## MATERIAL SHOWN
■ ■ ■ ■ ■

definition min_mon_gen :: "nat \<Rightarrow> ('a::field) mpoly set \<Rightarrow> (nat \<Rightarrow>\<^sub>0 nat) \<Rightarrow> bool" where
  "min_mon_gen n I m \<longleftrightarrow> mon 1 m \<in> I \<and>
     (\<forall>m'. mon 1 m' \<in> I \<and> (\<forall>i. Poly_Mapping.lookup m' i \<le> Poly_Mapping.lookup m i) \<longrightarrow> m' = m)"

end

theory Submission
  imports Defs "HOL.Vector_Spaces"
begin

text \<open>
  For a strongly stable ideal the last variable x_n is as good a Lefschetz element as any linear
  form: if x_n u \<in> I, then moving the exponent of x_n to any x_i gives \<ell> u \<in> I for every linear \<ell>.
  Multiplication by x_n sends standard monomials to standard monomials or into I, so its maximal
  rank in degree d is combinatorial: it is injective iff x_n u \<notin> I for all standard monomials u of
  degree d, and surjective iff every standard monomial of degree d+1 involves x_n, i.e. iff all
  monomials of degree d+1 in x_1,...,x_(n-1) lie in I. For an arbitrary \<ell> the same two conditions
  follow from injectivity resp. surjectivity of multiplication by \<ell>, the latter by a dimension count.
  Surjectivity propagates to higher degrees, so the weak Lefschetz property holds iff
  multiplication by x_n is injective below some degree k and surjective from k on. Injectivity
  below k is condition (c), surjectivity in degree k is condition (b), and comparing the numbers
  of standard monomials, which are the values of the Hilbert function, gives (a). The argument
  works over any field.
\<close>

section \<open>Monomials and polynomials\<close>

lemma mon_mult: "mon a m * mon b m' = mon (a * b) (m + m')"
  by (simp add: mon_def mult_single)

lemma lookup_mon: "Poly_Mapping.lookup (mon c m) k = (if k = m then c else 0)"
  by (simp add: mon_def lookup_single when_def)

lemma keys_mon_subset: "Poly_Mapping.keys (mon c m) \<subseteq> {m}"
  by (simp add: mon_def)

lemma mon_one_eq_iff: "mon (1::'a::zero_neq_one) a = mon 1 b \<longleftrightarrow> a = b"
  by (metis lookup_mon one_neq_zero)

lemma lookup_sum_mon:
  assumes "finite A" "inj_on h A"
  shows "Poly_Mapping.lookup (\<Sum>a\<in>A. mon (g a) (h a)) k
           = (if k \<in> h ` A then g (the_inv_into A h k) else 0)"
  using assms
proof (induction A rule: finite_induct)
  case empty
  then show ?case by simp
next
  case (insert x F)
  have injF: "inj_on h F" and hx: "h x \<notin> h ` F"
    using insert by (auto simp: inj_on_def)
  have inv_F: "the_inv_into (insert x F) h k = the_inv_into F h k" if "k \<in> h ` F"
    using that insert.prems injF by (auto simp: the_inv_into_f_f)
  show ?case
  proof (cases "k = h x")
    case True
    then have "the_inv_into (insert x F) h k = x"
      using insert.prems by (simp add: the_inv_into_f_f)
    then show ?thesis using insert injF True hx by (simp add: lookup_add lookup_mon)
  next
    case False
    then show ?thesis using insert injF inv_F by (auto simp: lookup_add lookup_mon)
  qed
qed
(* Let $\mathcal{P}$ be a program and $G$ a goal of Prolog$^{\oplus,\&}$, as defined in the context. Then $\mathrm{exec}(\mathcal{P},G)$ holds (execution of $\langle \mathcal{P}, G\rangle$ terminates with a success) if and only if $G$ is provable from $!\mathcal{P}$ in Lolli, that is, in intuitionistic linear logic: the sequent $!\mathcal{P} \vdash G$ is derivable.
   Context: Prolog$^{\oplus,\&}$ is a first-order language whose goal formulas $G$ and clauses $D$ are given by $G ::= A \mid G\otimes G \mid \exists x\, G \mid G \& G \mid G \oplus G$ and $D ::= A \mid G \supset A \mid \forall x\, D$, where $A$ ranges over atomic formulas. A program $\mathcal{P}$ is a set of clauses. Inside linear logic (Lolli), $\otimes$ is multiplicative conjunction, $\&$ additive conjunction, and $\oplus$ additive disjunction. The symbol $\supset$ is Lolli's intuitionistic implication, i.e. $G \supset A$ stands for $!G \multimap A$. Finally, $!\mathcal{P}$ denotes $\{!D : D\in\mathcal{P}\}$, so every clause is treated as a reusable resource. Notation: $D;\mathcal{P}$ denotes $\{D\}\cup\mathcal{P}$ with $D$ marked as the distinguished clause used for backchaining. $[t/x]$ denotes substitution of a term $t$ for $x$. The standard relation $\mathrm{prov}$ is defined inductively by: (1) $\mathrm{prov}(A;\mathcal{P},A)$; (2) $\mathrm{prov}((G_1\supset A);\mathcal{P},A)$ if $\mathrm{prov}(\mathcal{P},G_1)$; (3) $\mathrm{prov}(\forall x D;\mathcal{P},A)$ if $\mathrm{prov}([t/x]D;\mathcal{P},A)$ for some term $t$; (4) $\mathrm{prov}(\mathcal{P},A)$ if $D\in\mathcal{P}$ and $\mathrm{prov}(D;\mathcal{P},A)$; (5) $\mathrm{prov}(\mathcal{P},G_1\otimes G_2)$ if $\mathrm{prov}(\mathcal{P},G_1)$ and $\mathrm{prov}(\mathcal{P},G_2)$; (6) $\mathrm{prov}(\mathcal{P},G_1\& G_2)$ if $\mathrm{prov}(\mathcal{P},G_1)$ and $\mathrm{prov}(\mathcal{P},G_2)$; (7) $\mathrm{prov}(\mathcal{P},G_1\oplus G_2)$ if $\mathrm{prov}(\mathcal{P},G_1)$ or $\mathrm{prov}(\mathcal{P},G_2)$; (8) $\mathrm{prov}(\mathcal{P},\exists x G_1)$ if $\mathrm{prov}(\mathcal{P},[t/x]G_1)$ for some term $t$. The new interactive execution relation $\mathrm{exec}$ is defined by the same clauses (1)–(5) and (8), with $\mathrm{exec}$ in place of $\mathrm{prov}$, together with two further rules: (a) $\mathrm{exec}(\mathcal{P},G_0\& G_1)$ if $\mathrm{exec}(\mathcal{P},G_i)$ and $\mathrm{prov}(\mathcal{P},G_{(i+1)\bmod 2})$, where the index $i\in\{0,1\}$ is chosen by the user. The result is claimed whatever choices the user makes. (b) $\mathrm{exec}(\mathcal{P},G_0\oplus G_1)$ if $\mathrm{exec}(\mathcal{P},G_i)$ for some $i\in\{0,1\}$ chosen by the machine. *)

theory Defs
  imports Main "HOL-Library.Multiset"
begin

text \<open>Terms: free variables (Var), bound variables as de Bruijn indices (Bnd),
  and function applications.\<close>
datatype trm = Var nat | Bnd nat | Fn string "trm list"

text \<open>Formulas of (the relevant fragment of) intuitionistic linear logic / Lolli.
  Intuitionistic implication G \<supset> A is represented, as in Lolli, by (!G) -o A.\<close>
datatype form =
    Atom string "trm list"
  | Tensor form form
  | With form form
  | Plus form form
  | Ex form               (* existential, binds Bnd 0   *)
  | All form              (* universal, binds Bnd 0     *)
  | Lolli form form
  | Bang form

definition IImp :: "form \<Rightarrow> form \<Rightarrow> form" where
  "IImp G A = Lolli (Bang G) A"

fun open_trm :: "nat \<Rightarrow> trm \<Rightarrow> trm \<Rightarrow> trm" where
  "open_trm k t (Var x) = Var x"
| "open_trm k t (Bnd i) = (if i = k then t else Bnd i)"
| "open_trm k t (Fn f ts) = Fn f (map (open_trm k t) ts)"

fun open_form :: "nat \<Rightarrow> trm \<Rightarrow> form \<Rightarrow> form" where
  "open_form k t (Atom p ts) = Atom p (map (open_trm k t) ts)"
| "open_form k t (Tensor A B) = Tensor (open_form k t A) (open_form k t B)"
| "open_form k t (With A B) = With (open_form k t A) (open_form k t B)"
| "open_form k t (Plus A B) = Plus (open_form k t A) (open_form k t B)"
| "open_form k t (Ex A) = Ex (open_form (Suc k) t A)"
| "open_form k t (All A) = All (open_form (Suc k) t A)"
| "open_form k t (Lolli A B) = Lolli (open_form k t A) (open_form k t B)"
| "open_form k t (Bang A) = Bang (open_form k t A)"

text \<open>Instantiation [t/x]B of the body B of a quantifier \<forall>x B / \<exists>x B.\<close>
definition inst :: "trm \<Rightarrow> form \<Rightarrow> form" where
  "inst t B = open_form 0 t B"

fun lc_trm :: "nat \<Rightarrow> trm \<Rightarrow> bool" where
  "lc_trm k (Var x) = True"
| "lc_trm k (Bnd i) = (i < k)"
| "lc_trm k (Fn f ts) = (\<forall>t\<in>set ts. lc_trm k t)"

fun lc_form :: "nat \<Rightarrow> form \<Rightarrow> bool" where
  "lc_form k (Atom p ts) = (\<forall>t\<in>set ts. lc_trm k t)"
| "lc_form k (Tensor A B) = (lc_form k A \<and> lc_form k B)"
| "lc_form k (With A B) = (lc_form k A \<and> lc_form k B)"
| "lc_form k (Plus A B) = (lc_form k A \<and> lc_form k B)"
| "lc_form k (Ex A) = lc_form (Suc k) A"
| "lc_form k (All A) = lc_form (Suc k) A"
| "lc_form k (Lolli A B) = (lc_form k A \<and> lc_form k B)"
| "lc_form k (Bang A) = lc_form k A"

abbreviation closed_trm :: "trm \<Rightarrow> bool" where
  "closed_trm t \<equiv> lc_trm 0 t"

fun fv_trm :: "trm \<Rightarrow> nat set" where
  "fv_trm (Var x) = {x}"
| "fv_trm (Bnd i) = {}"
| "fv_trm (Fn f ts) = (\<Union>t\<in>set ts. fv_trm t)"

fun fv_form :: "form \<Rightarrow> nat set" where
  "fv_form (Atom p ts) = (\<Union>t\<in>set ts. fv_trm t)"
| "fv_form (Tensor A B) = fv_form A \<union> fv_form B"
| "fv_form (With A B) = fv_form A \<union> fv_form B"
| "fv_form (Plus A B) = fv_form A \<union> fv_form B"
| "fv_form (Ex A) = fv_form A"
| "fv_form (All A) = fv_form A"
| "fv_form (Lolli A B) = fv_form A \<union> fv_form B"
| "fv_form (Bang A) = fv_form A"

fun is_goal_raw :: "form \<Rightarrow> bool" where
  "is_goal_raw (Atom p ts) = True"
| "is_goal_raw (Tensor A B) = (is_goal_raw A \<and> is_goal_raw B)"
| "is_goal_raw (With A B) = (is_goal_raw A \<and> is_goal_raw B)"
| "is_goal_raw (Plus A B) = (is_goal_raw A \<and> is_goal_raw B)"
| "is_goal_raw (Ex A) = is_goal_raw A"
| "is_goal_raw (All A) = False"
| "is_goal_raw (Lolli A B) = False"
| "is_goal_raw (Bang A) = False"

fun is_atom :: "form \<Rightarrow> bool" where
  "is_atom (Atom p ts) = True"
| "is_atom _ = False"

fun is_clause_raw :: "form \<Rightarrow> bool" where
  "is_clause_raw (Atom p ts) = True"
| "is_clause_raw (Lolli (Bang G) A) = (is_goal_raw G \<and> is_atom A)"
| "is_clause_raw (All D) = is_clause_raw D"
| "is_clause_raw _ = False"

definition is_goal :: "form \<Rightarrow> bool" where
  "is_goal G \<longleftrightarrow> is_goal_raw G \<and> lc_form 0 G"

definition is_clause :: "form \<Rightarrow> bool" where
  "is_clause D \<longleftrightarrow> is_clause_raw D \<and> lc_form 0 D"

definition is_program :: "form set \<Rightarrow> bool" where
  "is_program P \<longleftrightarrow> finite P \<and> (\<forall>D\<in>P. is_clause D)"

text \<open>provc P D A is prov(D;P, A) (backchaining on the distinguished clause D);
  prov P G is prov(P, G).\<close>
inductive provc :: "form set \<Rightarrow> form \<Rightarrow> form \<Rightarrow> bool"
      and prov :: "form set \<Rightarrow> form \<Rightarrow> bool" where
  pc_atom: "provc P (Atom p ts) (Atom p ts)"
| pc_imp: "prov P G1 \<Longrightarrow> provc P (IImp G1 A) A"
| pc_all: "closed_trm t \<Longrightarrow> provc P (inst t D) A \<Longrightarrow> provc P (All D) A"
| p_atom: "D \<in> P \<Longrightarrow> provc P D (Atom p ts) \<Longrightarrow> prov P (Atom p ts)"
| p_tensor: "prov P G1 \<Longrightarrow> prov P G2 \<Longrightarrow> prov P (Tensor G1 G2)"
| p_with: "prov P G1 \<Longrightarrow> prov P G2 \<Longrightarrow> prov P (With G1 G2)"
| p_plus1: "prov P G1 \<Longrightarrow> prov P (Plus G1 G2)"
| p_plus2: "prov P G2 \<Longrightarrow> prov P (Plus G1 G2)"
| p_ex: "closed_trm t \<Longrightarrow> prov P (inst t G1) \<Longrightarrow> prov P (Ex G1)"

text \<open>The user's choices at additive conjunctions are modelled by a choice function
  u: at a goal G0 & G1 the user picks index i = (if u (G0 & G1) then 1 else 0); the
  chosen conjunct is executed interactively, the other one is checked with prov.
  Choices at \<oplus> are made by the machine (existentially).\<close>
inductive execc :: "(form \<Rightarrow> bool) \<Rightarrow> form set \<Rightarrow> form \<Rightarrow> form \<Rightarrow> bool"
      and exec :: "(form \<Rightarrow> bool) \<Rightarrow> form set \<Rightarrow> form \<Rightarrow> bool"
  for u :: "form \<Rightarrow> bool" where
  ec_atom: "execc u P (Atom p ts) (Atom p ts)"
| ec_imp: "exec u P G1 \<Longrightarrow> execc u P (IImp G1 A) A"
| ec_all: "closed_trm t \<Longrightarrow> execc u P (inst t D) A \<Longrightarrow> execc u P (All D) A"
| e_atom: "D \<in> P \<Longrightarrow> execc u P D (Atom p ts) \<Longrightarrow> exec u P (Atom p ts)"
| e_tensor: "exec u P G1 \<Longrightarrow> exec u P G2 \<Longrightarrow> exec u P (Tensor G1 G2)"
| e_with0: "\<not> u (With G0 G1) \<Longrightarrow> exec u P G0 \<Longrightarrow> prov P G1 \<Longrightarrow> exec u P (With G0 G1)"
| e_with1: "u (With G0 G1) \<Longrightarrow> exec u P G1 \<Longrightarrow> prov P G0 \<Longrightarrow> exec u P (With G0 G1)"
| e_plus0: "exec u P G0 \<Longrightarrow> exec u P (Plus G0 G1)"
| e_plus1: "exec u P G1 \<Longrightarrow> exec u P (Plus G0 G1)"
| e_ex: "closed_trm t \<Longrightarrow> exec u P (inst t G1) \<Longrightarrow> exec u P (Ex G1)"

definition fv_ctx :: "form multiset \<Rightarrow> nat set" where
  "fv_ctx \<Gamma> = (\<Union>F\<in>set_mset \<Gamma>. fv_form F)"

definition all_banged :: "form multiset \<Rightarrow> bool" where
  "all_banged \<Gamma> \<longleftrightarrow> (\<forall>F\<in>#\<Gamma>. \<exists>B. F = Bang B)"

inductive ill :: "form multiset \<Rightarrow> form \<Rightarrow> bool" (infix "\<turnstile>\<^sub>L" 50) where
  identity: "{#F#} \<turnstile>\<^sub>L F"
| tensorR: "\<Gamma> \<turnstile>\<^sub>L A \<Longrightarrow> \<Delta> \<turnstile>\<^sub>L B \<Longrightarrow> \<Gamma> + \<Delta> \<turnstile>\<^sub>L Tensor A B"
| tensorL: "\<Gamma> + {#A, B#} \<turnstile>\<^sub>L C \<Longrightarrow> \<Gamma> + {#Tensor A B#} \<turnstile>\<^sub>L C"
| withR: "\<Gamma> \<turnstile>\<^sub>L A \<Longrightarrow> \<Gamma> \<turnstile>\<^sub>L B \<Longrightarrow> \<Gamma> \<turnstile>\<^sub>L With A B"
| withL1: "\<Gamma> + {#A#} \<turnstile>\<^sub>L C \<Longrightarrow> \<Gamma> + {#With A B#} \<turnstile>\<^sub>L C"
| withL2: "\<Gamma> + {#B#} \<turnstile>\<^sub>L C \<Longrightarrow> \<Gamma> + {#With A B#} \<turnstile>\<^sub>L C"
| plusR1: "\<Gamma> \<turnstile>\<^sub>L A \<Longrightarrow> \<Gamma> \<turnstile>\<^sub>L Plus A B"
| plusR2: "\<Gamma> \<turnstile>\<^sub>L B \<Longrightarrow> \<Gamma> \<turnstile>\<^sub>L Plus A B"
| plusL: "\<Gamma> + {#A#} \<turnstile>\<^sub>L C \<Longrightarrow> \<Gamma> + {#B#} \<turnstile>\<^sub>L C \<Longrightarrow> \<Gamma> + {#Plus A B#} \<turnstile>\<^sub>L C"
| lolliR: "\<Gamma> + {#A#} \<turnstile>\<^sub>L B \<Longrightarrow> \<Gamma> \<turnstile>\<^sub>L Lolli A B"
| lolliL: "\<Gamma> \<turnstile>\<^sub>L A \<Longrightarrow> \<Delta> + {#B#} \<turnstile>\<^sub>L C \<Longrightarrow> \<Gamma> + \<Delta> + {#Lolli A B#} \<turnstile>\<^sub>L C"
| allR: "x \<notin> fv_ctx \<Gamma> \<union> fv_form A \<Longrightarrow> \<Gamma> \<turnstile>\<^sub>L inst (Var x) A \<Longrightarrow> \<Gamma> \<turnstile>\<^sub>L All A"
| allL: "closed_trm t \<Longrightarrow> \<Gamma> + {#inst t A#} \<turnstile>\<^sub>L C \<Longrightarrow> \<Gamma> + {#All A#} \<turnstile>\<^sub>L C"
| exR: "closed_trm t \<Longrightarrow> \<Gamma> \<turnstile>\<^sub>L inst t A \<Longrightarrow> \<Gamma> \<turnstile>\<^sub>L Ex A"
| exL: "x \<notin> fv_ctx \<Gamma> \<union> fv_form A \<union> fv_form C \<Longrightarrow> \<Gamma> + {#inst (Var x) A#} \<turnstile>\<^sub>L C
          \<Longrightarrow> \<Gamma> + {#Ex A#} \<turnstile>\<^sub>L C"
| bangR: "all_banged \<Gamma> \<Longrightarrow> \<Gamma> \<turnstile>\<^sub>L A \<Longrightarrow> \<Gamma> \<turnstile>\<^sub>L Bang A"
| dereliction: "\<Gamma> + {#A#} \<turnstile>\<^sub>L C \<Longrightarrow> \<Gamma> + {#Bang A#} \<turnstile>\<^sub>L C"
| weakening: "\<Gamma> \<turnstile>\<^sub>L C \<Longrightarrow> \<Gamma> + {#Bang A#} \<turnstile>\<^sub>L C"
| contraction: "\<Gamma> + {#Bang A, Bang A#} \<turnstile>\<^sub>L C \<Longrightarrow> \<Gamma> + {#Bang A#} \<turnstile>\<^sub>L C"

definition bang_prog :: "form set \<Rightarrow> form multiset" where
  "bang_prog P = image_mset Bang (mset_set P)"

end

theory Submission
  imports Defs
begin

text \<open>The user's choice at a goal \<open>G\<^sub>0 & G\<^sub>1\<close> only decides which conjunct is run
  interactively; both must succeed in any case, so \<open>exec u\<close> coincides with \<open>prov\<close> for
  every choice function \<open>u\<close>. Each rule of \<open>prov\<close> is an instance of a sequent rule of
  Lolli, using contraction on the banged program whenever a clause is selected or a
  tensor splits the context; this gives soundness. For completeness, observe that in a
  cut-free derivation of \<open>!P \<turnstile> G\<close> the left-hand sides only contain (possibly banged)
  clauses and the right-hand sides only (possibly banged) goals. Interpreting a clause
  as the statement that every atom obtained by backchaining on it is provable, which
  holds for the clauses of \<open>P\<close>, an induction on the derivation shows that the
  right-hand goal is provable.\<close>

lemma exec_imp_prov:
  shows "execc u P D A \<Longrightarrow> provc P D A"
    and "exec u P G \<Longrightarrow> prov P G"
  by (induction rule: execc_exec.inducts) (auto intro: provc_prov.intros)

■ ■ ■ ■ ■

## PROBLEM DETAILS
Reproduce exactly, please, only the lines from the start of the data above to the line that contains "rank in degree", with both ends kept.

## RESULT OF THIS TASK
definition min_mon_gen :: "nat \<Rightarrow> ('a::field) mpoly set \<Rightarrow> (nat \<Rightarrow>\<^sub>0 nat) \<Rightarrow> bool" where
  "min_mon_gen n I m \<longleftrightarrow> mon 1 m \<in> I \<and>
     (\<forall>m'. mon 1 m' \<in> I \<and> (\<forall>i. Poly_Mapping.lookup m' i \<le> Poly_Mapping.lookup m i) \<longrightarrow> m' = m)"

end

theory Submission
  imports Defs "HOL.Vector_Spaces"
begin

text \<open>
  For a strongly stable ideal the last variable x_n is as good a Lefschetz element as any linear
  form: if x_n u \<in> I, then moving the exponent of x_n to any x_i gives \<ell> u \<in> I for every linear \<ell>.
  Multiplication by x_n sends standard monomials to standard monomials or into I, so its maximal
  rank in degree d is combinatorial: it is injective iff x_n u \<notin> I for all standard monomials u of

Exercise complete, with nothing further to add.